Macaron Recipe

These French macarons make a very special treat to give your friends and family. They also look pretty on a plate for guests to indulge in when they come over. They can definitely be finicky but once you learn how to make macarons you’ll be hooked!

Even if your macaron cookies come out of the oven looking totally wrong they’ll still be delicious if not picture perfect. If you have extra almond flour then try my homemade almond cookies!

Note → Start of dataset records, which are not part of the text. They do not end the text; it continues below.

lemma measure_seq_space_restrict_eq_subset_poly:
  assumes B: "B \<in> sets (hist_space n)" and p: "0 \<le> p" "p \<le> 1"
  shows "measure (seq_space p) {\<omega>\<in>space (seq_space p). restrict \<omega> {..<n} \<in> B}
       = subset_poly n (\<lambda>T. measure (PiM {..<n} (\<lambda>_. input_base)) (B \<inter> bit_pattern n T)) p"
    (is "_ = subset_poly n ?c p")
proof -
  define \<nu> where "\<nu> = PiM {..<n} (\<lambda>_. input_base)"
  interpret \<nu>: finite_measure \<nu> unfolding \<nu>_def by (rule finite_measure_PiM_input_base)
  have sets_\<nu>: "sets \<nu> = sets (hist_space n)" unfolding \<nu>_def by (rule sets_PiM_input_base)
  define w where "w \<omega> = ennreal (\<Prod>i<n. bernoulli_weight p (\<omega> i))" for \<omega>
  have "w \<in> borel_measurable \<nu>"
    using measurable_fst_input_base[of "\<lambda>x. if x then p else 1 - p"]
    unfolding w_def \<nu>_def bernoulli_weight_def
    by (intro measurable_compose[OF borel_measurable_prod] measurable_compose[OF measurable_component_singleton]) auto
  then have "measure (PiM {..<n} (\<lambda>_. input_measure p)) B = enn2real (\<integral>\<^sup>+\<omega>. w \<omega> * indicator B \<omega> \<partial>\<nu>)"
    unfolding PiM_input_measure_eq_density[OF p] measure_def w_def[symmetric] \<nu>_def[symmetric]
    using B sets_\<nu> by (simp add: emeasure_density)
  also have "(\<integral>\<^sup>+\<omega>. w \<omega> * indicator B \<omega> \<partial>\<nu>)
      = (\<Sum>T\<in>Pow {..<n}. \<integral>\<^sup>+\<omega>. ennreal (p ^ card T * (1 - p) ^ (n - card T)) * indicator (B \<inter> bit_pattern n T) \<omega> \<partial>\<nu>)"
    unfolding w_def ennreal_prod_bernoulli_weight_split
    using B sets_\<nu> Int_bit_pattern_in_sets by (intro nn_integral_sum) auto
  also have "\<dots> = (\<Sum>T\<in>Pow {..<n}. ennreal (p ^ card T * (1 - p) ^ (n - card T)) * emeasure \<nu> (B \<inter> bit_pattern n T))"
    using B sets_\<nu> Int_bit_pattern_in_sets by (intro sum.cong refl nn_integral_cmult_indicator) auto
  also have "\<dots> = (\<Sum>T\<in>Pow {..<n}. ennreal (?c T * (p ^ card T * (1 - p) ^ (n - card T))))"
    using p unfolding \<nu>_def[symmetric]
    by (intro sum.cong refl) (simp add: \<nu>.emeasure_eq_measure ennreal_mult' mult.commute)
  also have "\<dots> = ennreal (subset_poly n ?c p)"
    unfolding subset_poly_def using p by (intro sum_ennreal) auto
  finally show ?thesis
    using measure_seq_space_restrict[OF B] p
    by (simp add: subset_poly_def sum_nonneg)
qed

lemma phi1_subset_poly:
  assumes bf: "bernoulli_factory S f \<tau> \<gamma>" and n: "1 \<le> n"
  obtains c where "\<And>T. 0 \<le> c T" and "\<And>p. p \<in> {0..1} \<Longrightarrow> phi1 \<tau> \<gamma> n p = subset_poly n c p"
    and "\<And>q. q \<in> {0<..<1} \<Longrightarrow> (phi1 \<tau> \<gamma> n has_real_derivative subset_poly_deriv n c q) (at q)"
proof -
  define B where "B = {x\<in>space (hist_space n).
    \<tau> n x \<and> (\<forall>k\<in>{1..<n}. \<not> \<tau> k (restrict x {..<k})) \<and> \<gamma> n x}"
  have [measurable]: "\<tau> k \<in> hist_space k \<rightarrow>\<^sub>M count_space UNIV" "\<gamma> n \<in> hist_space n \<rightarrow>\<^sub>M count_space UNIV" for k
    using bf unfolding bernoulli_factory_def by auto
  have [measurable]: "(\<lambda>x. restrict x {..<k}) \<in> hist_space n \<rightarrow>\<^sub>M hist_space k" if "k \<in> {1..<n}" for k
    using that unfolding hist_space_def by (intro measurable_restrict_subset) auto
  have "B \<in> sets (hist_space n)"
    unfolding B_def by measurable
  define c where "c T = measure (PiM {..<n} (\<lambda>_. input_base)) (B \<inter> bit_pattern n T)" for T
  have initial_segment: "{..<n} \<inter> {..<k} = {..<k}" if "k < n" for k
    using that by auto
  have phi1_eq: "phi1 \<tau> \<gamma> n p = subset_poly n c p" if "p \<in> {0..1}" for p
  proof -
    have "{\<omega> \<in> space (seq_space p). first_stop \<tau> n \<omega> \<and> \<gamma> n (restrict \<omega> {..<n})}
        = {\<omega>\<in>space (seq_space p). restrict \<omega> {..<n} \<in> B}"
      using n by (auto simp: first_stop_def stops_at_def B_def space_hist_space initial_segment)
    then show ?thesis
      unfolding phi1_def c_def using \<open>B \<in> sets (hist_space n)\<close> that
      by (simp add: measure_seq_space_restrict_eq_subset_poly)
  qed
  have "(phi1 \<tau> \<gamma> n has_real_derivative subset_poly_deriv n c q) (at q)" if "q \<in> {0<..<1}" for q
    using that phi1_eq
    by (intro has_field_derivative_transform_within_open[OF has_real_derivative_subset_poly, of "{0<..<1}"])
       auto
  with phi1_eq show ?thesis by (intro that[of c]) (auto simp: c_def)
qed

lemma phi1_geometric_bound:
  assumes bf: "bernoulli_factory S f \<tau> \<gamma>" and fast: "fast_factory S \<tau>" and "p \<in> S"
  obtains A \<beta> :: real where "0 \<le> A" "0 \<le> \<beta>" "\<beta> < 1" "\<And>n. phi1 \<tau> \<gamma> (Suc n) p \<le> A * \<beta> ^ n"
proof -
  interpret prob_space "seq_space p" by (rule prob_space_seq_space)
  obtain A \<beta> :: real where A: "A > 0" and \<beta>: "\<beta> < 1"
    and tail: "\<And>n::nat. measure (seq_space p) {\<omega> \<in> space (seq_space p). \<forall>k\<in>{1..n}. \<not> stops_at \<tau> k \<omega>} \<le> A * \<beta> ^ n"
    using fast \<open>p \<in> S\<close> unfolding fast_factory_def by blast
  have "0 \<le> A * \<beta>" using order_trans[OF measure_nonneg tail[of 1]] by simp
  with A have "0 \<le> \<beta>" by (simp add: zero_le_mult_iff)
  have [measurable]: "(\<lambda>\<omega>. stops_at \<tau> k \<omega>) \<in> seq_space p \<rightarrow>\<^sub>M count_space UNIV" for k
    using bf unfolding stops_at_def bernoulli_factory_def
    by (intro measurable_compose[OF measurable_restrict_hist_space]) auto
  have "phi1 \<tau> \<gamma> (Suc n) p \<le> A * \<beta> ^ n" for n
  proof -
    have "phi1 \<tau> \<gamma> (Suc n) p \<le> measure (seq_space p) {\<omega> \<in> space (seq_space p). \<forall>k\<in>{1..n}. \<not> stops_at \<tau> k \<omega>}"
      unfolding phi1_def by (rule finite_measure_mono) (auto simp: first_stop_def)
    then show ?thesis using tail[of n] by linarith
  qed
  with A \<beta> \<open>0 \<le> \<beta>\<close> show ?thesis by (intro that[of A \<beta>]) auto
qed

Egg Whites- Make sure the weigh them using a kitchen scale. Aging egg whites for macarons is an important step. Separate the eggs, place the whites in a clean glass, cover with plastic wrap with a few holes poked in and let them hang out in the fridge for a few days before using. This will dehydrate them and make them perfect for macarons. This step isn’t a must do but a bunch of little things can add up to a big difference when making these cookies.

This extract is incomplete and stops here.